§ **Exercise inputs**:

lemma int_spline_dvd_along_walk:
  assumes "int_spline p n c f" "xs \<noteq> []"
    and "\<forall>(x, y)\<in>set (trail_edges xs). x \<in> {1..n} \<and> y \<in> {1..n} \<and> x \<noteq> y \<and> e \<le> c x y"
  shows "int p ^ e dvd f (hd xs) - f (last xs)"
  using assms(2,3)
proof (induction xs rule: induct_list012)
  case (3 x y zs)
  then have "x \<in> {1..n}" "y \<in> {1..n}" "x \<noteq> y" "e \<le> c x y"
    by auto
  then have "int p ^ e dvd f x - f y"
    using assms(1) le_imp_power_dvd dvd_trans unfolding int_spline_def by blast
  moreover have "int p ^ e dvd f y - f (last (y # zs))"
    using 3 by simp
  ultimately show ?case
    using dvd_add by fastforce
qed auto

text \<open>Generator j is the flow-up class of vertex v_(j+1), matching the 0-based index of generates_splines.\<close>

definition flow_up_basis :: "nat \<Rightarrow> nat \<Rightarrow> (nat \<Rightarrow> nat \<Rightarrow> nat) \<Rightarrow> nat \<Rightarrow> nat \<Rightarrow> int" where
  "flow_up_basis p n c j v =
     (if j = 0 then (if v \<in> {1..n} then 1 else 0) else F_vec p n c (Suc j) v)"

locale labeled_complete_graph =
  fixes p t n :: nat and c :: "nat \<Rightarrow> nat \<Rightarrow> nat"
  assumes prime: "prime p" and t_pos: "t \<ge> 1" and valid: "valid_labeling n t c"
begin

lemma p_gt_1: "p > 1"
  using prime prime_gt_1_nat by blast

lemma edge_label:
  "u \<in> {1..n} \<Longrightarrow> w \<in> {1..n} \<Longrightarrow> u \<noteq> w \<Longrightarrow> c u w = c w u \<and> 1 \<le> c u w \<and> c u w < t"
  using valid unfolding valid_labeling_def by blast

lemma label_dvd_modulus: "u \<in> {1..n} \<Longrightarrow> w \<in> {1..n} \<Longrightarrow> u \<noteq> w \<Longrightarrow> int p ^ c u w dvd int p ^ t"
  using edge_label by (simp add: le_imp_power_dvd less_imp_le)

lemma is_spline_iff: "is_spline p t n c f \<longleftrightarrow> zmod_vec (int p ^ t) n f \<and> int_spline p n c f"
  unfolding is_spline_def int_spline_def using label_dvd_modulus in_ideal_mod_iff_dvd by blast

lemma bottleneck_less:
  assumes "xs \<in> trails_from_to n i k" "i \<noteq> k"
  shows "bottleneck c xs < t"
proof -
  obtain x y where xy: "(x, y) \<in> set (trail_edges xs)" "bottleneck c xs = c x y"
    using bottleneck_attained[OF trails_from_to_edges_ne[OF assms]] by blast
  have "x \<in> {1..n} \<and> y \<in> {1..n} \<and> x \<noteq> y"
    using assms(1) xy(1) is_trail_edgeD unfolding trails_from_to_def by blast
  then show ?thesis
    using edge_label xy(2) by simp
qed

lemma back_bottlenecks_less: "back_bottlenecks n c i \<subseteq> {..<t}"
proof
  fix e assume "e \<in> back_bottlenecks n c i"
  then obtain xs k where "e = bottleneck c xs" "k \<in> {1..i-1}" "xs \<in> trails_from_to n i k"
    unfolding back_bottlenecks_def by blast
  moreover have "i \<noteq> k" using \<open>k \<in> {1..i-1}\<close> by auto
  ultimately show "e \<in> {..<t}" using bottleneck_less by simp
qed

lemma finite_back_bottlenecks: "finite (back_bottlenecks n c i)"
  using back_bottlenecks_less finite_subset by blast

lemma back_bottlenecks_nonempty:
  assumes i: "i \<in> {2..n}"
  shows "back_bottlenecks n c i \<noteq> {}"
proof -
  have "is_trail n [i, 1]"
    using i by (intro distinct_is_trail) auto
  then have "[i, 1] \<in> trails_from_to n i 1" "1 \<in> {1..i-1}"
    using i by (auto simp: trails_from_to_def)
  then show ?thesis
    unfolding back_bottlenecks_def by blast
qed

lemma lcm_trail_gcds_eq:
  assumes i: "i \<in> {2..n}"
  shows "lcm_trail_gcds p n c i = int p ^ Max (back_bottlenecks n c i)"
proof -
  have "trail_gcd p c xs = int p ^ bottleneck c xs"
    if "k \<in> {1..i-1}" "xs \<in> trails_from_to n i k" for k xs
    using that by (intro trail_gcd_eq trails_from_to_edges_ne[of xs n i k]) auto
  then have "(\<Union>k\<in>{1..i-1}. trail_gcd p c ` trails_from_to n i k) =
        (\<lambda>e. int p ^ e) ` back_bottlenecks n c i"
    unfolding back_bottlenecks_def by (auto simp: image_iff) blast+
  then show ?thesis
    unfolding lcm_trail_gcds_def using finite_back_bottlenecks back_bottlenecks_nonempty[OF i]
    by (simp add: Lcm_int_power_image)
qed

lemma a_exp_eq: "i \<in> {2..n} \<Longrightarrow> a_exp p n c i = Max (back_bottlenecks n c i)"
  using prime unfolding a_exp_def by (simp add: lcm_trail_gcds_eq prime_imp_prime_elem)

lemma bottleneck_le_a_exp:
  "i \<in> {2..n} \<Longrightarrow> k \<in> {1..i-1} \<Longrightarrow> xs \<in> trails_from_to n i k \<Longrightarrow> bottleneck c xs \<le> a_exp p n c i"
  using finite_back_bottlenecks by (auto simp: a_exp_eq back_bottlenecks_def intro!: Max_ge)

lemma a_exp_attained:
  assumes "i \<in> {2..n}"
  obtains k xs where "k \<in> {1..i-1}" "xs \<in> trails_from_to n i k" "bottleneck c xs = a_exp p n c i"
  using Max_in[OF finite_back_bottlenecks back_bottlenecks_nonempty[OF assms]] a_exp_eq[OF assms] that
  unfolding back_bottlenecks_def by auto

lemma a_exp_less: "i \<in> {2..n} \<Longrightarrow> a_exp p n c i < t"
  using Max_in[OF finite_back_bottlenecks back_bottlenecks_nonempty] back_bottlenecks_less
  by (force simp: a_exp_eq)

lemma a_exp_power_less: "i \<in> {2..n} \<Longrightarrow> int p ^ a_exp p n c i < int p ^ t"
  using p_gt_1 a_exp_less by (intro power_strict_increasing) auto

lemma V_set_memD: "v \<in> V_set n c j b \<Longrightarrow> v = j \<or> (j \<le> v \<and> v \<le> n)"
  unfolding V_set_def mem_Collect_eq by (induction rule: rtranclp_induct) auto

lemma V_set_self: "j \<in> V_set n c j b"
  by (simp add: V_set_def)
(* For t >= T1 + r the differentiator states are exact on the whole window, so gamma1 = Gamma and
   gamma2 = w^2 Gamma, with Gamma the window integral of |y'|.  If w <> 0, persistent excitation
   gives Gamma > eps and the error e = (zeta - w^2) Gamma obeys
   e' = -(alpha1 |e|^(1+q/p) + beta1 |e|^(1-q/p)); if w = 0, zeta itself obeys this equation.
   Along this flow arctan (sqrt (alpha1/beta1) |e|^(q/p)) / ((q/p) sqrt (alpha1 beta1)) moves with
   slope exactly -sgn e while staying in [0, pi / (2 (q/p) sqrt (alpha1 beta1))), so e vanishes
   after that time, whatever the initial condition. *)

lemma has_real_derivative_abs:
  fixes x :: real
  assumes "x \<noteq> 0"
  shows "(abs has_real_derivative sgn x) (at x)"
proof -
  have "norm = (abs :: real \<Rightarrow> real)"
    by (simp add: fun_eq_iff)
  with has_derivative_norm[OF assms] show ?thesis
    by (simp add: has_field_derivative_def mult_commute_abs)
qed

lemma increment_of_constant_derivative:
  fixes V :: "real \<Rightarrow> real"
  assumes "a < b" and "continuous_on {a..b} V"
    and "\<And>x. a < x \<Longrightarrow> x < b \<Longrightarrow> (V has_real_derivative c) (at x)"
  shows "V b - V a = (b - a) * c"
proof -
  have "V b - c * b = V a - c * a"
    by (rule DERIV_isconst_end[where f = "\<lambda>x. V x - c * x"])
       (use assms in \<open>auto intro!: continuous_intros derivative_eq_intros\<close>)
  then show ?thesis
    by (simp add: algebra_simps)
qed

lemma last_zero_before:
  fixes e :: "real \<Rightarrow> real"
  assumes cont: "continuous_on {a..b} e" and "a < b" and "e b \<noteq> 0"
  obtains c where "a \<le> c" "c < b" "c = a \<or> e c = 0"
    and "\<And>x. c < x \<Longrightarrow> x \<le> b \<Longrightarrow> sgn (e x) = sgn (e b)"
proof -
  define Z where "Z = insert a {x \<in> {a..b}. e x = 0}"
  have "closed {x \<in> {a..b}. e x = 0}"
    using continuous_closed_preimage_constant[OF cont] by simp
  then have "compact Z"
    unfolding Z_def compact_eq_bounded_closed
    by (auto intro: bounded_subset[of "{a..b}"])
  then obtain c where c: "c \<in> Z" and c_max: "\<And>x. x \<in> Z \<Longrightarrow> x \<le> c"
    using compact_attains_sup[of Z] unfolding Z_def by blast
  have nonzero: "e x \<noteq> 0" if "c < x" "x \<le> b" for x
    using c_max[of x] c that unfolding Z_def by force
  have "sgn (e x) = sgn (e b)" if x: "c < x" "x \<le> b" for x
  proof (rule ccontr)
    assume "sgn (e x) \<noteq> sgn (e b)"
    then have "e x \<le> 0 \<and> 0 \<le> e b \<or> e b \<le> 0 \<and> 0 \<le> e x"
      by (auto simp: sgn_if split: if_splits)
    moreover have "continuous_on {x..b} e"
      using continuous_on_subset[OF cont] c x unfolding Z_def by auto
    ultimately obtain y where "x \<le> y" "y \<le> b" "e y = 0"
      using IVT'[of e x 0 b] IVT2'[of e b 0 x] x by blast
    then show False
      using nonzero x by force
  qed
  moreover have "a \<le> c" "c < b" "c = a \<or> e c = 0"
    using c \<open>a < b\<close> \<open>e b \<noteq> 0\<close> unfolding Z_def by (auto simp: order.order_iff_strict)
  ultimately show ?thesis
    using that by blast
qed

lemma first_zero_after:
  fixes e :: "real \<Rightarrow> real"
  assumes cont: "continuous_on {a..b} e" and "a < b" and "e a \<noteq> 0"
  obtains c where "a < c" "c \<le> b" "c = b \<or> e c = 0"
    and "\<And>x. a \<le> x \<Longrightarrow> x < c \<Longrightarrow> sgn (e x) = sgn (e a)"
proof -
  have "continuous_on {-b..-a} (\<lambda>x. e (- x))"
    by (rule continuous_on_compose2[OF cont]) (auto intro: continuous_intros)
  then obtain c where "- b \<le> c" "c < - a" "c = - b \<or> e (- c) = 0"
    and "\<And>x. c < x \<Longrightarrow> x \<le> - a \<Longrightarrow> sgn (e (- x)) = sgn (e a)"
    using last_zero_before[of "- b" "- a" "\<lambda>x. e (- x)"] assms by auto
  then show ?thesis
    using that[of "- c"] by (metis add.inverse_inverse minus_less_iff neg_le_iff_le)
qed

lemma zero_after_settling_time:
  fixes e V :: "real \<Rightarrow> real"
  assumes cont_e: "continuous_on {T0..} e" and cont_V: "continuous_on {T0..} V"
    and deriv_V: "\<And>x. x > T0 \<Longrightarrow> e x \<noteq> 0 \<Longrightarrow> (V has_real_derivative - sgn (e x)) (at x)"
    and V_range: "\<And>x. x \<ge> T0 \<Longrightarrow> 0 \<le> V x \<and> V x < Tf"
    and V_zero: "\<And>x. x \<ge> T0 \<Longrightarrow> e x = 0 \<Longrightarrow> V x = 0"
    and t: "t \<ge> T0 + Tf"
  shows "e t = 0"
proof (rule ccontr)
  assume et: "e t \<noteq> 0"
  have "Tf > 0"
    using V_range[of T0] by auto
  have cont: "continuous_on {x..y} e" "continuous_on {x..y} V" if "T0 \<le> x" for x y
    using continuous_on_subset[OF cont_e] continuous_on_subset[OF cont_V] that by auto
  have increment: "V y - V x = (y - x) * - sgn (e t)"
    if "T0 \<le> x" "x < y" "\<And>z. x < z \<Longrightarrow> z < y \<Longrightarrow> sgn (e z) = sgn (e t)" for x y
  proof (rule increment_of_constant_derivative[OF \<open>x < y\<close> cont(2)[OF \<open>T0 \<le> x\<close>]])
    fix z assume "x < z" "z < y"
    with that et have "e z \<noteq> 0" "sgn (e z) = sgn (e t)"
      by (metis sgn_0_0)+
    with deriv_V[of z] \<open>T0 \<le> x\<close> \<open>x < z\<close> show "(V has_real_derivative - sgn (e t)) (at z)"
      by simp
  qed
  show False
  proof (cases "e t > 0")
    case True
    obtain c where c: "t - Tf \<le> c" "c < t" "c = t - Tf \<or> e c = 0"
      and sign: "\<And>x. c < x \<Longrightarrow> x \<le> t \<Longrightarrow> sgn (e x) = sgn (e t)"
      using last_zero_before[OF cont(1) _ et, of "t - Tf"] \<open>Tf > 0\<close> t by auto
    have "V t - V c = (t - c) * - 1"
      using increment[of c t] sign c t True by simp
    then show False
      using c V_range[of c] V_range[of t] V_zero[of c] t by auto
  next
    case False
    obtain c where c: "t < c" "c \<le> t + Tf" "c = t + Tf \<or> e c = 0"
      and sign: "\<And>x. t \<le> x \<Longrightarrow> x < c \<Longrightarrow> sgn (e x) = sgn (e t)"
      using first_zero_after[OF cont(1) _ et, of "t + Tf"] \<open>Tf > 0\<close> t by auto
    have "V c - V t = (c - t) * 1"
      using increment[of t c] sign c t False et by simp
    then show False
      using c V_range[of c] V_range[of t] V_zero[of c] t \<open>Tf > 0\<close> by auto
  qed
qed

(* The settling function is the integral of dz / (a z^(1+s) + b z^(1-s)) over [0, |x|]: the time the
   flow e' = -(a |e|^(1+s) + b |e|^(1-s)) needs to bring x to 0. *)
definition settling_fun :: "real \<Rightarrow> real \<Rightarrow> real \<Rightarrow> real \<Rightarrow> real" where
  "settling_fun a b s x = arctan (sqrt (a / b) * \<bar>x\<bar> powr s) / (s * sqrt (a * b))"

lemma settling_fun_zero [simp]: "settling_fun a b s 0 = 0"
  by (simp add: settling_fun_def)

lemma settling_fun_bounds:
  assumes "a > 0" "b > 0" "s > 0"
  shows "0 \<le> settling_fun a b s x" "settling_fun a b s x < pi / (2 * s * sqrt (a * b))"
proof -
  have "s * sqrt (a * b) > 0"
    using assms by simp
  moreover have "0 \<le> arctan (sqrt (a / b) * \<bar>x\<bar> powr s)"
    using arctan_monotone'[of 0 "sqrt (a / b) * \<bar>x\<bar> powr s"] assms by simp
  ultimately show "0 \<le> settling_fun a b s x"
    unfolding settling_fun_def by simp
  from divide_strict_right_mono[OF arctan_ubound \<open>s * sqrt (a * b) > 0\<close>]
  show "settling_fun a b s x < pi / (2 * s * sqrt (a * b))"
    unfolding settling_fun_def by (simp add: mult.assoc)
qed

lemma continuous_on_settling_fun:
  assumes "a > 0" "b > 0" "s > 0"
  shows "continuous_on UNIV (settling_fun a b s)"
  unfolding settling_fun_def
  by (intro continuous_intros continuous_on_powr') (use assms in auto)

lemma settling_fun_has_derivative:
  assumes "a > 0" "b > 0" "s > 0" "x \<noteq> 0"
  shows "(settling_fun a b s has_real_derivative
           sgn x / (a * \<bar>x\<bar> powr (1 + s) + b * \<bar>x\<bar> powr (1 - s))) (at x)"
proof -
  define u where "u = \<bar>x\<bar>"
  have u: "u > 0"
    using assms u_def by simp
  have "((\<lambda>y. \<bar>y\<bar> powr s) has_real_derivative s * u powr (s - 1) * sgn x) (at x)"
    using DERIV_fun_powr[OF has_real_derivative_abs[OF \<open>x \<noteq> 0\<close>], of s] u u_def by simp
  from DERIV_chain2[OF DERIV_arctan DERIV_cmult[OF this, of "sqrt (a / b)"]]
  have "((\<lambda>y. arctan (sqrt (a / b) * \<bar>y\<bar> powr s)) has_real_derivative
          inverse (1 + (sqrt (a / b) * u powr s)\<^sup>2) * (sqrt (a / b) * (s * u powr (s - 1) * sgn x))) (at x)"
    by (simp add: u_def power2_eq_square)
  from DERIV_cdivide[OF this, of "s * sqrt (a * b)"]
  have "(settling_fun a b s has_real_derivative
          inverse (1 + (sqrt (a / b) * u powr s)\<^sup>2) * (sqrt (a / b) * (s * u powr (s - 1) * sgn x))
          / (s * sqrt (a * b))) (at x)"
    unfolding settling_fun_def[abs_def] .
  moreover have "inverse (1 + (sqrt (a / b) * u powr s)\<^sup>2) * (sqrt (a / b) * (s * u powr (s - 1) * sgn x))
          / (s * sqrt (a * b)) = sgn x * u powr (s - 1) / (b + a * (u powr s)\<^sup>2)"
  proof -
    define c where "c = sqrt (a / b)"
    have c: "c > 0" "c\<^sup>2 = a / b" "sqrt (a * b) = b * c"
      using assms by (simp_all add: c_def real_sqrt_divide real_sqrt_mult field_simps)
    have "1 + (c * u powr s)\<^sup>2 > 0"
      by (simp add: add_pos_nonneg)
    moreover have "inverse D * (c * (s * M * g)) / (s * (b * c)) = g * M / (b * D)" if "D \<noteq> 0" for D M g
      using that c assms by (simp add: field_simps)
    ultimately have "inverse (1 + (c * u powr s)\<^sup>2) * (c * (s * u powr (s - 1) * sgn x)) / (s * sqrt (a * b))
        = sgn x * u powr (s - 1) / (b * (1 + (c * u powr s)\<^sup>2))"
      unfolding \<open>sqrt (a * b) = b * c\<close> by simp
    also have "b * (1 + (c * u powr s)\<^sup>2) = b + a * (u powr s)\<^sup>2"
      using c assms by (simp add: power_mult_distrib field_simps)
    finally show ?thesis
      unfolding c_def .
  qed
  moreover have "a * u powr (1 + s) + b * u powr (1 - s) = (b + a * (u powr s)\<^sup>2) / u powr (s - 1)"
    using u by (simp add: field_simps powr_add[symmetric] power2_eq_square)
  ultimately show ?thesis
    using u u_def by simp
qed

§ **Exercise**:
Reproduce each line above that contains "with".

§ **Answer**:
   gamma2 = w^2 Gamma, with Gamma the window integral of |y'|.  If w <> 0, persistent excitation
   Along this flow arctan (sqrt (alpha1/beta1) |e|^(q/p)) / ((q/p) sqrt (alpha1 beta1)) moves with
  with has_derivative_norm[OF assms] show ?thesis
    with that et have "e z \<noteq> 0" "sgn (e z) = sgn (e t)"
    with deriv_V[of z] \<open>T0 \<le> x\<close> \<open>x < z\<close> show "(V has_real_derivative - sgn (e t)) (at z)"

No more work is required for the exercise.